One of the challenges in identifying the flavours of any of the 150 odd commercially available hop varietals, is consuming them in a controlled, specific and comparable format. Most commercial beer uses an array of hops in any single product, so identifying the specific flavours of any individual hop is a challenge. Even if a brewery releases a single hop beer, you rarely find four or five products using the same base. And hops do highlight specific flavours in different contexts.

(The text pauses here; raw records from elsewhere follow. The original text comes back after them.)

lemma complete_card_3_or_4_if_crx_3_eq_3:
  assumes "in_F 3 V E" "finite V" "finite E" "crx 3 V E = 3"
  shows "complete_graph V E \<and> (card V = 3 \<or> card V = 4)"
proof -
  obtain c where c: "rainbow_cycle_colouring 3 V E c" "card (c ` E) = 3"
    using crx_attained[OF assms(1,3)] assms(4) by metis
  have card_V: "3 \<le> card V"
  proof (rule ccontr)
    assume "\<not> 3 \<le> card V"
    then have "crx 3 V E \<le> 1"
      using crx_le_1_if_card_less[OF assms(2)] by simp
    with assms(4) show False
      by simp
  qed
  have complete: "complete_graph V E"
    using complete_graph_if_three_colours[OF c(1) assms(3)] c(2) card_V by simp
  have "proper_edge_colouring V c"
    using proper_edge_colouring_if_three_colours[OF c(1) assms(3)] c(2) by simp
  then have "card V \<le> 4"
    using card_le_Suc_card_colours_if_proper[OF complete _ assms(3), of c] c(2) by simp
  with card_V complete show ?thesis
    by auto
qed

lemma crx_3_eq_3_if_complete_card_3_or_4:
  assumes "in_F 3 V E" "finite V" "finite E" "complete_graph V E" "card V = 3 \<or> card V = 4"
  shows "crx 3 V E = 3"
proof (rule antisym)
  have "card V \<le> 4"
    using assms(5) by linarith
  then obtain c :: "'a set \<Rightarrow> nat" where c: "proper_edge_colouring V c" "\<forall>e. c e < 3"
    using proper_3_colouring_if_card_le_4[OF assms(2)] by blast
  have "crx 3 V E \<le> card (c ` E)"
    using rainbow_cycle_colouring_3_if_proper[OF assms(4) c(1)] by (rule crx_le_card_colours)
  also have "\<dots> \<le> card {..<3 :: nat}"
    using c(2) by (intro card_mono) auto
  finally show "crx 3 V E \<le> 3"
    by simp
next
  have "3 \<le> card V"
    using assms(5) by linarith
  obtain c where c: "rainbow_cycle_colouring 3 V E c" "card (c ` E) = crx 3 V E"
    using crx_attained[OF assms(1,3)] .
  show "3 \<le> crx 3 V E"
    using three_le_card_colours[OF c(1) assms(2,3) \<open>3 \<le> card V\<close>] c(2) by simp
qed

To control for variability, we dry hopped the same base beer in growlers using 6 different varieties, for 72hrs in the cold room. The base beer was a lager, allowing the more subtle hop flavours to be detected. We dry hopped at 8.5g/L, a relatively conservative concentration for modern craft beer. The hops we looked at we’re Wai-iti, Talus, Cashmere, Galaxy, Citra and Citra LUPO. We also threw in some hop products like Incognito Citra, Slavo Cascade and Thin Film Eureka. The beer could probably have been incubated with the dry hop for longer, but I was concerned about oxidation. The floaties accentuated the overall grassiness and bitterness across the board.

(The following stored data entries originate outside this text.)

lemma
  assumes "0 < q" "q < 1" "i \<le> n"
  shows of_real_jtp_weight_upper: "of_real (jtp_weight q n i)
      = of_real (qpochhammer q q n ^ 2 / qpochhammer q q (n + n)) * qbinomial (of_real q :: complex) (n + n) (n + i)"
    and of_real_jtp_weight_lower: "of_real (jtp_weight q n i)
      = of_real (qpochhammer q q n ^ 2 / qpochhammer q q (n + n)) * qbinomial (of_real q :: complex) (n + n) (n - i)"
proof -
  have qp_pos: "0 < qpochhammer q q m" for m
    using assms by (intro qpochhammer_pos) auto
  have qbinomial_real: "qbinomial (of_real q :: complex) (n + n) k
      = of_real (qpochhammer q q (n + n) / (qpochhammer q q k * qpochhammer q q (n + n - k)))"
    if "k \<le> n + n" for k
  proof -
    have "qpochhammer q q m \<noteq> 0" for m
      using qp_pos[of m] by simp
    then show ?thesis
      using qbinomial_eq_qpochhammer_div[OF that, of "of_real q :: complex"]
      by (simp only: qpochhammer_of_real of_real_eq_0_iff of_real_mult of_real_divide not_False_eq_True
          simp_thms)
  qed
  have "jtp_weight q n i = qpochhammer q q n ^ 2 / qpochhammer q q (n + n)
      * (qpochhammer q q (n + n) / (qpochhammer q q (n + i) * qpochhammer q q (n - i)))"
    using qp_pos[of "n + n"] by (simp add: jtp_weight_def)
  moreover have "n + n - (n + i) = n - i" "n + n - (n - i) = n + i"
    using assms(3) by auto
  ultimately show "of_real (jtp_weight q n i)
      = of_real (qpochhammer q q n ^ 2 / qpochhammer q q (n + n)) * qbinomial (of_real q :: complex) (n + n) (n + i)"
    and "of_real (jtp_weight q n i)
      = of_real (qpochhammer q q n ^ 2 / qpochhammer q q (n + n)) * qbinomial (of_real q :: complex) (n + n) (n - i)"
    using qbinomial_real[of "n + i"] qbinomial_real[of "n - i"] by (simp_all add: mult.commute)
qed

lemma theta_approx_eq_prod:
  assumes q: "0 < q" "q < 1" and x: "x \<noteq> 0"
  shows "theta_approx q x n = of_real (qpochhammer q q n ^ 2 / qpochhammer q q (n + n))
    * ((\<Prod>m<n. 1 + x * of_real (q ^ Suc m)) * (\<Prod>i<n. 1 + of_real (q ^ i) / x))"
proof -
  define c :: complex where "c = of_real (qpochhammer q q n ^ 2 / qpochhammer q q (n + n))"
  have upper: "c * (qbinomial (of_real q) (n + n) (n + i) * of_real q ^ (Suc i choose 2) * x ^ i)
      = of_real (jtp_weight q n i) * theta_term q x (int i)" if "i \<le> n" for i
    unfolding theta_term_nonneg_index of_real_jtp_weight_upper[OF q that] c_def of_real_power
    by (simp only: mult_ac)
  have lower: "c * (qbinomial (of_real q) (n + n) (n - Suc i) * of_real q ^ (Suc i choose 2) / x ^ Suc i)
      = of_real (jtp_weight q n (Suc i)) * theta_term q x (- int i - 1)" if "i < n" for i
    unfolding theta_term_neg_index of_real_jtp_weight_lower[OF q Suc_leI[OF that]] c_def of_real_power
    by (simp only: mult_ac times_divide_eq_right times_divide_eq_left)
  have "of_real q \<noteq> (0 :: complex)"
    using q by simp
  note jtp = finite_jacobi_triple_product[OF this x, of n]
  have "c * ((\<Prod>m<n. 1 + x * of_real q ^ Suc m) * (\<Prod>i<n. 1 + of_real q ^ i / x))
      = (\<Sum>i\<le>n. c * (qbinomial (of_real q) (n + n) (n + i) * of_real q ^ (Suc i choose 2) * x ^ i))
        + (\<Sum>i<n. c * (qbinomial (of_real q) (n + n) (n - Suc i) * of_real q ^ (Suc i choose 2) / x ^ Suc i))"
    unfolding jtp distrib_left sum_distrib_left ..
  also have "\<dots> = theta_approx q x n"
    unfolding theta_approx_def
    by (intro arg_cong2[where f = "(+)"] sum.cong) (simp_all only: upper lower atMost_iff lessThan_iff)
  finally show ?thesis
    by (simp add: c_def)
qed

lemma jtp_partial_prod_eq:
  fixes q :: real and x :: complex
  shows "(1 + 1 / x) * (\<Prod>m\<in>{1..n}. of_real (1 - q ^ m) * (1 + x * of_real (q ^ m)) * (1 + of_real (q ^ m) / x))
    = of_real (qpochhammer q q n) * ((\<Prod>m<n. 1 + x * of_real (q ^ Suc m)) * (\<Prod>i<n. 1 + of_real (q ^ i) / x))
      * (1 + of_real (q ^ n) / x)"
proof -
  have "(\<Prod>m<n. of_real (1 - q ^ Suc m)) = (of_real (qpochhammer q q n) :: complex)"
    by (simp add: qpochhammer_def)
  then have factors: "(\<Prod>m\<in>{1..n}. of_real (1 - q ^ m) * (1 + x * of_real (q ^ m)) * (1 + of_real (q ^ m) / x))
      = of_real (qpochhammer q q n) * (\<Prod>m<n. 1 + x * of_real (q ^ Suc m))
        * (\<Prod>m<n. 1 + of_real (q ^ Suc m) / x)"
    unfolding prod.atLeast1_atMost_eq[unfolded One_nat_def[symmetric]] prod.distrib by simp
  have shift: "(1 + 1 / x) * (\<Prod>m<n. 1 + of_real (q ^ Suc m) / x)
      = (\<Prod>i<n. 1 + of_real (q ^ i) / x) * (1 + of_real (q ^ n) / x)"
    using prod.lessThan_Suc_shift[of "\<lambda>i. 1 + of_real (q ^ i) / x" n]
      prod.lessThan_Suc[of "\<lambda>i. 1 + of_real (q ^ i) / x" n]
    by simp
  have "(1 + 1 / x) * (\<Prod>m\<in>{1..n}. of_real (1 - q ^ m) * (1 + x * of_real (q ^ m)) * (1 + of_real (q ^ m) / x))
      = of_real (qpochhammer q q n) * (\<Prod>m<n. 1 + x * of_real (q ^ Suc m))
        * ((1 + 1 / x) * (\<Prod>m<n. 1 + of_real (q ^ Suc m) / x))"
    unfolding factors by (simp only: ac_simps)
  then show ?thesis
    unfolding shift by (simp only: mult.assoc)
qed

I was super impressed with Talus and Cashmere, especially. Cashmere really brought a combo of dank and tropical flavours, a wonderfully complete single hop. Talus has a beautiful aromatic quality of tropical fruits and a hint of coconut. A more palatable version of Sabro. Incognito Citra was powerful, very aromatic but accentuated the bitterness compared with the Salvo. And the Thin Film was super interesting with an impact on aroma but not much to the flavour.
Probably not the most sophisticated dry hop experiment, but we definitely learned a few bits about each hop that we can now take through to our bigger batches.